There are so many non-native speakers of english (owing to it being the current international language) I don't even bother correcting grammar anymore in code comments in pull requests anymore. Unless it's like, user facing or something. But anyways, all the better I suppose to focus on content.

Grammar will be fine when browsers and other tools will implement good grammar checking. I don't understand why browser developers don't focus on it. There are some companies like Grammarly solving that issue, but that should be standard feature rather than paid opt-in. I can translate website in Chrome with a single click, but I can't check grammar.
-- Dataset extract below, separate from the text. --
(* Let $f_\gamma$, $N$, $D$ be as in the context and fix $\gamma\in\mathbb{R}$ such that $f_\gamma$ is positive definite. For each positive integer $r$ define the form in $(v,w)\in\mathbb{R}^{2N}$ $$p_{\gamma,r}(v,w)=f_\gamma(v^2-w^2)-\tfrac1r\Big(\sum_{i=1}^N(v_i^2-w_i^2)^2\Big)^D+\tfrac{1}{2r}\Big(\sum_{i=1}^N(v_i^4+w_i^4)\Big)^D,$$ let $q_{\gamma,r}(v,w)=p_{\gamma,r}(\sqrt{v_1},\dots,\sqrt{v_N},\sqrt{w_1},\dots,\sqrt{w_N})$ (a form of degree $2D$), and, whenever $\mu_r:=\min_{\|(v,w)\|_2=1}p_{\gamma,r}(v,w)>0$, let $\bar N(r)=D(2D-1)\frac{\|q_{\gamma,r}\|}{\mu_r}-2D$. Then there exists a positive integer $\hat r$ such that for all integers $r\ge\hat r$ we have $\mu_r>0$ and $r^2\ge\bar N(r)$.
   Context: Let $p,g_1,\dots,g_m$ be real polynomials in $x=(x_1,\dots,x_n)$ and let $S=\{x\in\mathbb{R}^n : g_i(x)\ge 0,\ i=1,\dots,m\}$. Let $d\ge 1$ be the integer such that $2d$ is the smallest even integer larger than or equal to the maximum of the degrees of $p,g_1,\dots,g_m$. Let $R>0$, and let $\eta_1,\dots,\eta_m$, $\beta$ be real numbers (in the paper: $\sum_i x_i^2\le R$, $g_i\le\eta_i$, $-p\le\beta$ on $S$). For a polynomial $q$ in $x$ of degree at most $2d$, $y^{2d}q(x/y)$ denotes its homogenization to a form of degree $2d$ in $(x,y)$. For $\gamma\in\mathbb{R}$ define the form in the variables $z=(x,s,y)=(x_1,\dots,x_n,s_0,\dots,s_{m+1},y)$: $$f_\gamma(x,s,y)=\big(\gamma y^{2d}-y^{2d}p(x/y)-s_0^2y^{2d-2}\big)^2+\sum_{i=1}^m\big(y^{2d}g_i(x/y)-s_i^2y^{2d-2}\big)^2+\Big(\big(R+\textstyle\sum_{i=1}^m\eta_i+\beta+\gamma\big)^d y^{2d}-\big(\sum_{i=1}^n x_i^2+\sum_{i=0}^m s_i^2\big)^d-s_{m+1}^{2d}\Big)^2.$$ Set $N=n+m+3$ and $D=2d$, so $f_\gamma$ is a form of degree $2D$ in $N$ variables. $f_\gamma(v^2-w^2)$ denotes $f_\gamma(v_1^2-w_1^2,\dots,v_N^2-w_N^2)$. A form is positive definite if it is positive at every nonzero point. For a form $f$ of degree $k$ in $n'$ variables, write $f(x)=\sum_{|\alpha|=k}b_\alpha c(\alpha)x^\alpha$ with $c(\alpha)=\frac{k!}{\alpha_1!\cdots\alpha_{n'}!}$; define $\|f\|=\max_{|\alpha|=k}|b_\alpha|$. *)

theory Defs
  imports "HOL-Analysis.Analysis" "HOL-Library.Poly_Mapping"
begin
And translation is a really hard task, while grammar is pretty much formalized and could be coded without any AI breakthroughs.

I'm not native speaker and my text likely contains a lot of errors. For example I fix spell errors, because browser underlines them instantly, I'd fix grammar errors and may be I would develop some kind of grammar literacy after some time with proper computer assistance.


> The extraneous apostrophe is such a common error as to border on acceptable usage.

And that's sad, especially since it leads to more ambiguity in sentences.


I couldn't think of an example that would trip up a native speaker. What was an example you had in mind?

I can think of a few two word statements ("It's tender") but they are meaningless outside of context anyway.